» **PROBLEM TO SOLVE**
The stretch wanted below opens at the line containing "d n *\<^sub>v" and closes at the line containing "m = transpose_mat". Please return it exactly, with no other lines.

(Records from a collection)
*** Begin section ***
(* Let $(A,\mathfrak m,k)$ be a commutative Noetherian local ring and let $C$ be a totally acyclic complex of finitely generated free $A$-modules. Then $C$ is contractible at $n$ for some $n\in\mathbb Z$ if and only if $C$ is contractible.
   Context: A complex $C$ of finitely generated free $A$-modules is totally acyclic if $H(C)=0$ and $H(\operatorname{Hom}_A(C,A))=0$. $C$ is contractible at $n$ if there exist $A$-linear maps $s_n:C_n\to C_{n+1}$ and $s_{n-1}:C_{n-1}\to C_n$ such that $\partial^C_{n+1}s_n+s_{n-1}\partial^C_n:C_n\to C_n$ is an isomorphism. $C$ is contractible if there exist maps $s_n:C_n\to C_{n+1}$ for all $n$ such that $s_n,s_{n-1}$ give contractibility at $n$ for every $n$ (equivalently, the identity of $C$ is null-homotopic). *)

theory Defs
  imports "Jordan_Normal_Form.Matrix"
begin

definition cr_ideal :: "'a::comm_ring_1 set \<Rightarrow> bool" where
  "cr_ideal I \<longleftrightarrow> 0 \<in> I \<and> (\<forall>x\<in>I. \<forall>y\<in>I. x + y \<in> I) \<and> (\<forall>a x. x \<in> I \<longrightarrow> a * x \<in> I)"

definition fg_ideal :: "'a::comm_ring_1 set \<Rightarrow> bool" where
  "fg_ideal I \<longleftrightarrow> (\<exists>S. finite S \<and> I = {x. \<exists>c. x = (\<Sum>s\<in>S. c s * s)})"

definition noetherian_ring :: "'a::comm_ring_1 itself \<Rightarrow> bool" where
  "noetherian_ring _ \<longleftrightarrow> (\<forall>I::'a set. cr_ideal I \<longrightarrow> fg_ideal I)"

definition maximal_ideal :: "'a::comm_ring_1 set \<Rightarrow> bool" where
  "maximal_ideal m \<longleftrightarrow> cr_ideal m \<and> m \<noteq> UNIV \<and>
     (\<forall>J. cr_ideal J \<and> m \<subseteq> J \<longrightarrow> J = m \<or> J = UNIV)"

definition local_ring :: "'a::comm_ring_1 itself \<Rightarrow> bool" where
  "local_ring _ \<longleftrightarrow> (\<exists>!m::'a set. maximal_ideal m)"

text \<open>A complex of finitely generated free A-modules: C_n = A^(r n), the differential
  d n : C_n \<rightarrow> C_(n-1) is an (r (n-1)) x (r n) matrix acting on column vectors.
  Every A-linear map A^p \<rightarrow> A^q is given by such a matrix.\<close>

definition is_complex :: "(int \<Rightarrow> nat) \<Rightarrow> (int \<Rightarrow> 'a::comm_ring_1 mat) \<Rightarrow> bool" where
  "is_complex r d \<longleftrightarrow> (\<forall>n. d n \<in> carrier_mat (r (n - 1)) (r n)) \<and>
     (\<forall>n. d (n - 1) * d n = 0\<^sub>m (r (n - 2)) (r n))"

definition exact_complex :: "(int \<Rightarrow> nat) \<Rightarrow> (int \<Rightarrow> 'a::comm_ring_1 mat) \<Rightarrow> bool" where
  "exact_complex r d \<longleftrightarrow> (\<forall>n. \<forall>v \<in> carrier_vec (r n).
      d n *\<^sub>v v = 0\<^sub>v (r (n - 1)) \<longrightarrow> (\<exists>w \<in> carrier_vec (r (n + 1)). v = d (n + 1) *\<^sub>v w))"

text \<open>Hom_A(C,A): its degree (-n) term is Hom_A(C_n,A) = A^(r n) (dual basis), with differential
  Hom(C_n,A) \<rightarrow> Hom(C_(n+1),A) given by the transpose of d (n+1). Reindexed with m = -n
  it is again a complex with differential of degree -1.\<close>
definition dual_ranks :: "(int \<Rightarrow> nat) \<Rightarrow> int \<Rightarrow> nat" where
  "dual_ranks r m = r (- m)"

definition dual_diff :: "(int \<Rightarrow> 'a mat) \<Rightarrow> int \<Rightarrow> 'a mat" where
  "dual_diff d m = transpose_mat (d (- m + 1))"

definition totally_acyclic :: "(int \<Rightarrow> nat) \<Rightarrow> (int \<Rightarrow> 'a::comm_ring_1 mat) \<Rightarrow> bool" where
  "totally_acyclic r d \<longleftrightarrow> exact_complex r d \<and> exact_complex (dual_ranks r) (dual_diff d)"

definition contractible_at :: "(int \<Rightarrow> nat) \<Rightarrow> (int \<Rightarrow> 'a::comm_ring_1 mat) \<Rightarrow> int \<Rightarrow> bool" where
  "contractible_at r d n \<longleftrightarrow> (\<exists>s1 s0. s1 \<in> carrier_mat (r (n + 1)) (r n) \<and>
      s0 \<in> carrier_mat (r n) (r (n - 1)) \<and> invertible_mat (d (n + 1) * s1 + s0 * d n))"

definition contractible :: "(int \<Rightarrow> nat) \<Rightarrow> (int \<Rightarrow> 'a::comm_ring_1 mat) \<Rightarrow> bool" where
  "contractible r d \<longleftrightarrow> (\<exists>s. (\<forall>n. s n \<in> carrier_mat (r (n + 1)) (r n)) \<and>
      (\<forall>n. invertible_mat (d (n + 1) * s n + s (n - 1) * d n)))"

end

theory Submission
  imports Defs "Jordan_Normal_Form.Char_Poly"
begin

text \<open>
  Call a matrix \<open>D\<close> regular if \<open>D T D = D\<close> for some \<open>T\<close>. A contraction at \<open>n\<close> makes
  \<open>h = d(n+1) s\<^sub>1 + s\<^sub>0 d(n)\<close> invertible, and \<open>d(n) h\<^sup>k d(n+1) = 0\<close> for all \<open>k\<close> because
  \<open>h d(n+1) = d(n+1) s\<^sub>1 d(n+1)\<close>. As \<open>h\<inverse>\<close> is a polynomial in \<open>h\<close> (Cayley--Hamilton), also
  \<open>d(n) h\<inverse> d(n+1) = 0\<close>, and expanding \<open>d(n+1) = h h\<inverse> d(n+1)\<close> shows that \<open>d(n+1)\<close> is regular.
  By exactness, regularity of \<open>d(m)\<close> gives regularity of \<open>d(m+1)\<close>: the columns of \<open>1 - T d(m)\<close>
  lie in \<open>ker d(m) = im d(m+1)\<close>. Applied to the exact dual complex \<open>Hom(C, A)\<close>, whose
  differentials are the transposes, the same step goes down. Once all \<open>d(m+1) T(m) d(m+1) = d(m+1)\<close>,
  the idempotents \<open>d(n+1) T(n)\<close> and \<open>T(n-1) d(n)\<close> have invertible sum, so the \<open>T(n)\<close> form a
  contraction.
\<close>

section \<open>Cayley--Hamilton through the adjugate\<close>

definition char_adj_coeff :: "'a::comm_ring_1 mat \<Rightarrow> nat \<Rightarrow> 'a mat" where
  "char_adj_coeff A k =
     mat (dim_row A) (dim_row A) (\<lambda>(i, j). coeff (adj_mat (char_poly_matrix A) $$ (i, j)) k)"

lemma dim_char_adj_coeff [simp]:
  "dim_row (char_adj_coeff A k) = dim_row A" "dim_col (char_adj_coeff A k) = dim_row A"
  unfolding char_adj_coeff_def by simp_all

lemma char_adj_coeff_carrier [simp]:
  "A \<in> carrier_mat n n \<Longrightarrow> char_adj_coeff A k \<in> carrier_mat n n"
  unfolding carrier_mat_def by simp
lemma card_le_div_if_cyclically_separated:
  fixes S :: "nat set"
  assumes "S \<subseteq> {..<n}" and "0 < k" and "k \<le> n"
    and sep: "\<And>x y. x \<in> S \<Longrightarrow> y \<in> S \<Longrightarrow> x < y \<Longrightarrow> x + k \<le> y \<and> y + k \<le> x + n"
  shows "card S \<le> n div k"
proof (cases "S = {}")
  case False
  have fin: "finite S" using assms(1) finite_subset by blast
  define a where "a = Min S"
  have a: "a \<in> S" "\<And>x. x \<in> S \<Longrightarrow> a \<le> x" using fin False by (auto simp: a_def)
  have span: "x - a \<le> n - k" if "x \<in> S" for x
    using sep[OF a(1) that] a(2)[OF that] \<open>k \<le> n\<close> by (cases "a < x") auto
  define g where "g x = (x - a) div k" for x
  have "inj_on g S"
  proof (rule linorder_inj_onI')
    fix x y assume "x \<in> S" "y \<in> S" "x < y"
    then have "(x - a) + k \<le> y - a" using sep a(2) by fastforce
    then have "(x - a) div k + 1 \<le> (y - a) div k"
      using div_le_mono[of "(x - a) + k" "y - a" k] \<open>0 < k\<close> by (simp add: div_add_self2)
    then show "g x \<noteq> g y" by (simp add: g_def)
  qed
  moreover have "g x \<le> (n - k) div k" if "x \<in> S" for x
    unfolding g_def using span[OF that] by (rule div_le_mono)
  then have "g ` S \<subseteq> {..(n - k) div k}" by auto
  ultimately have "card S \<le> card {..(n - k) div k}"
    by (intro card_inj_on_le) auto
  also have "\<dots> = Suc ((n - k) div k)" by simp
  also have "\<dots> = n div k" using \<open>0 < k\<close> \<open>k \<le> n\<close> by (simp add: le_div_geq)
  finally show ?thesis .
qed simp

lemma Gqk_adj_short:
  assumes "q \<ge> 1" and "0 < d" and "d < k"
  shows "Gqk_adj q k x ((x + d) mod (k * q + 1))"
proof (cases "d = 1")
  case False
  then have "d \<in> {2..k-1}" using assms by auto
  then have "\<exists>m\<in>{2..k-1}. \<exists>jj<q. (x + d) mod (k * q + 1) = (x + k * jj + m) mod (k * q + 1)"
    using \<open>q \<ge> 1\<close> by (intro bexI[of _ d] exI[of _ 0]) auto
  then show ?thesis unfolding Gqk_adj_def Let_def by blast
qed (simp add: Gqk_adj_def)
*** End section ***
» **FINAL ANSWER**
      d n *\<^sub>v v = 0\<^sub>v (r (n - 1)) \<longrightarrow> (\<exists>w \<in> carrier_vec (r (n + 1)). v = d (n + 1) *\<^sub>v w))"

text \<open>Hom_A(C,A): its degree (-n) term is Hom_A(C_n,A) = A^(r n) (dual basis), with differential
  Hom(C_n,A) \<rightarrow> Hom(C_(n+1),A) given by the transpose of d (n+1). Reindexed with m = -n
  it is again a complex with differential of degree -1.\<close>
definition dual_ranks :: "(int \<Rightarrow> nat) \<Rightarrow> int \<Rightarrow> nat" where
  "dual_ranks r m = r (- m)"

definition dual_diff :: "(int \<Rightarrow> 'a mat) \<Rightarrow> int \<Rightarrow> 'a mat" where
  "dual_diff d m = transpose_mat (d (- m + 1))"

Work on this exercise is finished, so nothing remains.